┌──
text \<open>The event \<open>X \<le> g\<close> is an uncountable intersection, so it need not be measurable;
  positivity of its probability rules out the junk value \<open>0\<close> of \<open>measure\<close>.\<close>

lemma prob_le_mono:
  assumes "prob_space M" "0 < prob_le M X g" "\<And>t. t \<in> {0..1} \<Longrightarrow> f t \<le> g t"
  shows "prob_le M X f \<le> prob_le M X g"
proof -
  have "{\<omega> \<in> space M. \<forall>t\<in>{0..1}. X \<omega> t \<le> g t} \<in> sets M"
    using assms(2) measure_notin_sets unfolding prob_le_def by fastforce
  then show ?thesis
    unfolding prob_le_def using assms(3)
    by (intro finite_measure.finite_measure_mono[OF prob_space.axioms(1)[OF assms(1)]])
      (auto intro: order_trans)
qed

section \<open>The D-norm of a standard max-stable process\<close>

locale GPP_domain =
  fixes M :: "'a measure" and Y :: "'a \<Rightarrow> real \<Rightarrow> real"
    and MV :: "'c measure" and V :: "'c \<Rightarrow> real \<Rightarrow> real"
    and N :: "'b measure" and Z :: "'b \<Rightarrow> real \<Rightarrow> real"
    and ME :: "'d measure" and eta :: "'d \<Rightarrow> real \<Rightarrow> real"
  assumes Y: "Cneg_process M Y"
    and GPP: "std_GPP MV V N Z"
    and max_stable: "std_max_stable ME eta"
    and eta_df: "\<forall>f\<in>Eneg. prob_le ME eta f = exp (- Dnorm N Z f)"
begin

lemma prob_space_M: "prob_space M"
  using Y unfolding Cneg_process_def by blast

lemma Dnorm_divide_nat:
  assumes g: "g \<in> Eneg" and n: "1 \<le> n"
  shows "Dnorm N Z (\<lambda>t. g t / real n) = Dnorm N Z g / real n"
proof -
  have "exp (real n * - Dnorm N Z (\<lambda>t. g t / real n))
      = prob_le ME eta (\<lambda>t. g t / real n) ^ n"
    using eta_df Eneg_divide[OF g, of "real n"] n by (simp add: exp_of_nat_mult[symmetric])
  also have "\<dots> = exp (- Dnorm N Z g)"
    using max_stable g n eta_df unfolding std_max_stable_def by simp
  finally show ?thesis using n by (simp add: field_simps)
qed

lemma supnorm_le_Dnorm:
  assumes g: "g \<in> Eneg" shows "supnorm g \<le> Dnorm N Z g"
proof (rule supnorm_leI)
  fix t :: real assume t: "t \<in> {0..1}"
  have ps: "prob_space ME" and "(\<lambda>\<omega>. eta \<omega> t) \<in> borel_measurable ME"
    using max_stable t unfolding std_max_stable_def Cneg_process_def by auto
  then have S: "{\<omega> \<in> space ME. eta \<omega> t \<le> g t} \<in> sets ME" by measurable
  have gt: "g t \<le> 0" using g t unfolding Eneg_def by auto
  have "exp (- Dnorm N Z g) = prob_le ME eta g" using eta_df g by simp
  also have "\<dots> \<le> measure ME {\<omega> \<in> space ME. eta \<omega> t \<le> g t}"
    unfolding prob_le_def using t
    by (intro finite_measure.finite_measure_mono[OF prob_space.axioms(1)[OF ps] _ S]) auto
  also have "\<dots> = exp (g t)" using max_stable t gt unfolding std_max_stable_def by blast
  finally show "\<bar>g t\<bar> \<le> Dnorm N Z g" using gt by simp
qed

lemma Dnorm_nonneg: "g \<in> Eneg \<Longrightarrow> 0 \<le> Dnorm N Z g"
  using supnorm_le_Dnorm supnorm_nonneg unfolding Eneg_def by force

lemma GPP_threshold:
  obtains c0 where "0 < c0"
    "\<And>f. f \<in> Eneg \<Longrightarrow> supnorm f \<le> c0 \<Longrightarrow> prob_le MV V f = 1 - Dnorm N Z f"
  using GPP unfolding std_GPP_def by blast

lemma Dnorm_bounded:
  obtains C where "\<And>g. g \<in> Eneg \<Longrightarrow> supnorm g \<le> B \<Longrightarrow> Dnorm N Z g \<le> C"
proof -
  obtain c0 where c0: "0 < c0"
    "\<And>f. f \<in> Eneg \<Longrightarrow> supnorm f \<le> c0 \<Longrightarrow> prob_le MV V f = 1 - Dnorm N Z f"
    using GPP_threshold by blast
  define n where "n = nat \<lceil>B / c0\<rceil> + 1"
  have n: "1 \<le> n" "B / c0 \<le> real n" unfolding n_def by linarith+
  have "Dnorm N Z g \<le> real n" if g: "g \<in> Eneg" "supnorm g \<le> B" for g
  proof -
    have "supnorm (\<lambda>t. g t / real n) = supnorm g / real n"
      using g n supnorm_divide unfolding Eneg_def by simp
    also have "\<dots> \<le> c0"
      using g n c0 by (simp add: field_simps)
    finally have "prob_le MV V (\<lambda>t. g t / real n) = 1 - Dnorm N Z (\<lambda>t. g t / real n)"
      using c0(2) Eneg_divide[OF g(1), of "real n"] n by simp
    then have "Dnorm N Z (\<lambda>t. g t / real n) \<le> 1"
      using prob_le_nonneg[of MV V "\<lambda>t. g t / real n"] by linarith
    then show ?thesis using Dnorm_divide_nat[OF g(1) n(1)] n by (simp add: field_simps)
  qed
  then show ?thesis using that by blast
qed

subsection \<open>Spectral neighbourhoods\<close>

text \<open>The spectral neighbourhood condition with \<open>P(V \<le> g)\<close> replaced by \<open>1 - \<parallel>g\<parallel>\<^sub>D\<close> and \<open>c f\<close>
  by a function \<open>g\<close> of sup-norm \<open>c\<close>.\<close>

definition Dnorm_approx :: "real \<Rightarrow> real \<Rightarrow> real \<Rightarrow> bool" where
  "Dnorm_approx \<delta> K c1 \<longleftrightarrow> (\<forall>g\<in>Eneg. 0 < supnorm g \<and> supnorm g \<le> c1 \<longrightarrow>
     \<bar>prob_le M Y g - (1 - Dnorm N Z g)\<bar> \<le> K * supnorm g powr \<delta> * Dnorm N Z g)"

lemma spectral_nbhd_imp_Dnorm_approx:
  assumes "spectral_nbhd M Y MV V \<delta>"
  obtains K c1 where "0 < c1" "Dnorm_approx \<delta> K c1"
proof -
  obtain c0 where c0: "0 < c0"
    "\<And>f. f \<in> Eneg \<Longrightarrow> supnorm f \<le> c0 \<Longrightarrow> prob_le MV V f = 1 - Dnorm N Z f"
    using GPP_threshold by blast
  obtain K c1 where "0 < c1" and spectral: "\<And>c f. 0 < c \<Longrightarrow> c < c1 \<Longrightarrow> f \<in> Eneg1 \<Longrightarrow>
      \<bar>(1 - prob_le M Y (\<lambda>t. c * f t)) - (1 - prob_le MV V (\<lambda>t. c * f t))\<bar>
        \<le> K * c powr \<delta> * (1 - prob_le MV V (\<lambda>t. c * f t))"
    using assms unfolding spectral_nbhd_def by blast
  have "Dnorm_approx \<delta> K (min (c1 / 2) c0)"
    unfolding Dnorm_approx_def
  proof (intro ballI impI)
    fix g assume g: "g \<in> Eneg" "0 < supnorm g \<and> supnorm g \<le> min (c1 / 2) c0"
    have "(\<lambda>t. supnorm g * (g t / supnorm g)) = g" using g by auto
    then show "\<bar>prob_le M Y g - (1 - Dnorm N Z g)\<bar> \<le> K * supnorm g powr \<delta> * Dnorm N Z g"
      using spectral[of "supnorm g" "\<lambda>t. g t / supnorm g"] c0(2)[of g] g \<open>0 < c1\<close>
        Eneg1_normalize[of g] by (simp add: abs_minus_commute)
  qed
  moreover have "0 < min (c1 / 2) c0" using \<open>0 < c1\<close> c0(1) by simp
  ultimately show thesis using that by blast
qed

lemma Dnorm_approx_imp_spectral_nbhd:
  assumes "0 < c1" "Dnorm_approx \<delta> K c1"
  shows "spectral_nbhd M Y MV V \<delta>"
proof -
  obtain c0 where c0: "0 < c0"
    "\<And>f. f \<in> Eneg \<Longrightarrow> supnorm f \<le> c0 \<Longrightarrow> prob_le MV V f = 1 - Dnorm N Z f"
    using GPP_threshold by blast
  have "\<bar>(1 - prob_le M Y (\<lambda>t. c * f t)) - (1 - prob_le MV V (\<lambda>t. c * f t))\<bar>
        \<le> K * c powr \<delta> * (1 - prob_le MV V (\<lambda>t. c * f t))"
    if c: "0 < c" "c < min c1 c0" and f: "f \<in> Eneg1" for c f
  proof -
    have cf: "(\<lambda>t. c * f t) \<in> Eneg" "supnorm (\<lambda>t. c * f t) = c"
      using f c Eneg_cmult supnorm_cmult unfolding Eneg1_def Eneg_def by auto
    then have "\<bar>prob_le M Y (\<lambda>t. c * f t) - (1 - Dnorm N Z (\<lambda>t. c * f t))\<bar>
        \<le> K * c powr \<delta> * Dnorm N Z (\<lambda>t. c * f t)"
      using assms(2) c unfolding Dnorm_approx_def by auto
    moreover have "prob_le MV V (\<lambda>t. c * f t) = 1 - Dnorm N Z (\<lambda>t. c * f t)"
      using c0(2) cf c by simp
    ultimately show ?thesis by (simp add: abs_minus_commute)
  qed
  then show ?thesis
    unfolding spectral_nbhd_def using assms(1) c0(1) by (intro exI[of _ K] exI[of _ "min c1 c0"]) auto
qed

lemma Dnorm_approx_mono:
  assumes "Dnorm_approx \<delta> K c1" "c \<le> c1" "K \<le> K'"
  shows "Dnorm_approx \<delta> K' c"
  unfolding Dnorm_approx_def
proof (intro ballI impI)
  fix g assume g: "g \<in> Eneg" "0 < supnorm g \<and> supnorm g \<le> c"
  have "K * supnorm g powr \<delta> * Dnorm N Z g \<le> K' * supnorm g powr \<delta> * Dnorm N Z g"
    using assms(3) Dnorm_nonneg[OF g(1)] by (intro mult_right_mono) auto
  then show "\<bar>prob_le M Y g - (1 - Dnorm N Z g)\<bar> \<le> K' * supnorm g powr \<delta> * Dnorm N Z g"
    using assms(1,2) g unfolding Dnorm_approx_def by (meson order_trans)
qed
(* Assume (A) or (B), with $\alpha=a$ in case (A) and $\alpha=b$ in case (B). Let $1<q\le\infty$ and $q\le r\le\infty$. There is a constant $c_2>0$ depending only on $q,n,\alpha$, bounded for $q\in(1+\varepsilon,\infty]$ for each fixed $\varepsilon>0$, such that for every $\varphi\in L^{q,\infty}(w)$ and $t>0$, $$\|S(t)\varphi w\|_{L^{r,\infty}(w)}\le c_2\,t^{-\frac{n+\alpha}{2}\left(\frac1q-\frac1r\right)}\|\varphi\|_{L^{q,\infty}(w)}.$$
   Context: (A): $w(x)=|x_1|^a$ on $\mathbb{R}^n$ with $a\in[0,1)$; (B): $w(x)=|x|^b$ with $b\in[0,n)$. $\Gamma$ is the fundamental solution of $\partial_t v-w^{-1}\operatorname{div}(w\nabla v)=0$ with pole at $(y,0)$, assumed to satisfy (K1) $\int\Gamma(x,y,t)w(x)dx=\int\Gamma(x,y,t)w(y)dy=1$; (K2) $\Gamma(x,y,t)=\int\Gamma(x,\xi,t-s)\Gamma(\xi,y,s)w(\xi)d\xi$ for $t>s>0$; (K3) $c_*e^{-|x-y|^2/(c_*t)}\le \sqrt{w(B(x,\sqrt t))w(B(y,\sqrt t))}\,\Gamma(x,y,t)\le C_*e^{-|x-y|^2/(C_*t)}$, $w(E)=\int_Ew$. $[S(t)\varphi w](x):=\int\Gamma(x,y,t)\varphi(y)w(y)\,dy$. $\mu_f(\lambda)=w(\{|f|>\lambda\})$, $f^*(s)=\inf\{\lambda>0:\mu_f(\lambda)\le s\}$, $\|f\|_{L^{r,\infty}(w)}=\sup_{s>0}s^{1/r}f^*(s)$, $L^{\infty,\infty}(w)=L^\infty$. *)

theory Defs
  imports "HOL-Analysis.Analysis"
begin

text \<open>Real power with the convention 0 to the power 0 equal to 1 (Isabelle's powr gives 0 there).\<close>
definition rpow :: "real \<Rightarrow> real \<Rightarrow> real" where
  "rpow x p = (if x = 0 then (if p = 0 then 1 else 0) else x powr p)"

text \<open>Weight (A): w(x) = |x_i|^a (coordinate i plays the role of x_1).\<close>
definition wA :: "'n::finite \<Rightarrow> real \<Rightarrow> real^'n \<Rightarrow> real" where
  "wA i a x = rpow \<bar>x $ i\<bar> a"

definition wB :: "real \<Rightarrow> real^'n::finite \<Rightarrow> real" where
  "wB b x = rpow (norm x) b"

definition wmeasure :: "(real^'n::finite \<Rightarrow> real) \<Rightarrow> (real^'n) measure" where
  "wmeasure w = density lborel (\<lambda>x. ennreal (w x))"

definition wvol :: "(real^'n::finite \<Rightarrow> real) \<Rightarrow> (real^'n) set \<Rightarrow> real" where
  "wvol w E = measure (wmeasure w) E"

definition distf :: "(real^'n::finite \<Rightarrow> real) \<Rightarrow> (real^'n \<Rightarrow> real) \<Rightarrow> real \<Rightarrow> ennreal" where
  "distf w f lam = emeasure (wmeasure w) {x. lam < \<bar>f x\<bar>}"

text \<open>Decreasing rearrangement f^*(s) = inf {lambda > 0. mu_f(lambda) <= s} (inf of empty set = infinity).\<close>
definition rearr :: "(real^'n::finite \<Rightarrow> real) \<Rightarrow> (real^'n \<Rightarrow> real) \<Rightarrow> real \<Rightarrow> ennreal" where
  "rearr w f s = (INF lam\<in>{lam::real. 0 < lam \<and> distf w f lam \<le> ennreal s}. ennreal lam)"

definition einv :: "ereal \<Rightarrow> real" where
  "einv r = (if r = \<infinity> then 0 else 1 / real_of_ereal r)"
└──
### Exercise instructions
In the material above, find the line containing "prob_le ME eta f" and the line containing "finally show ?thesis", then write out exactly those two lines and every line between them, and nothing more.

### Result below
    and eta_df: "\<forall>f\<in>Eneg. prob_le ME eta f = exp (- Dnorm N Z f)"
begin

lemma prob_space_M: "prob_space M"
  using Y unfolding Cneg_process_def by blast

lemma Dnorm_divide_nat:
  assumes g: "g \<in> Eneg" and n: "1 \<le> n"
  shows "Dnorm N Z (\<lambda>t. g t / real n) = Dnorm N Z g / real n"
proof -
  have "exp (real n * - Dnorm N Z (\<lambda>t. g t / real n))
      = prob_le ME eta (\<lambda>t. g t / real n) ^ n"
    using eta_df Eneg_divide[OF g, of "real n"] n by (simp add: exp_of_nat_mult[symmetric])
  also have "\<dots> = exp (- Dnorm N Z g)"
    using max_stable g n eta_df unfolding std_max_stable_def by simp
  finally show ?thesis using n by (simp add: field_simps)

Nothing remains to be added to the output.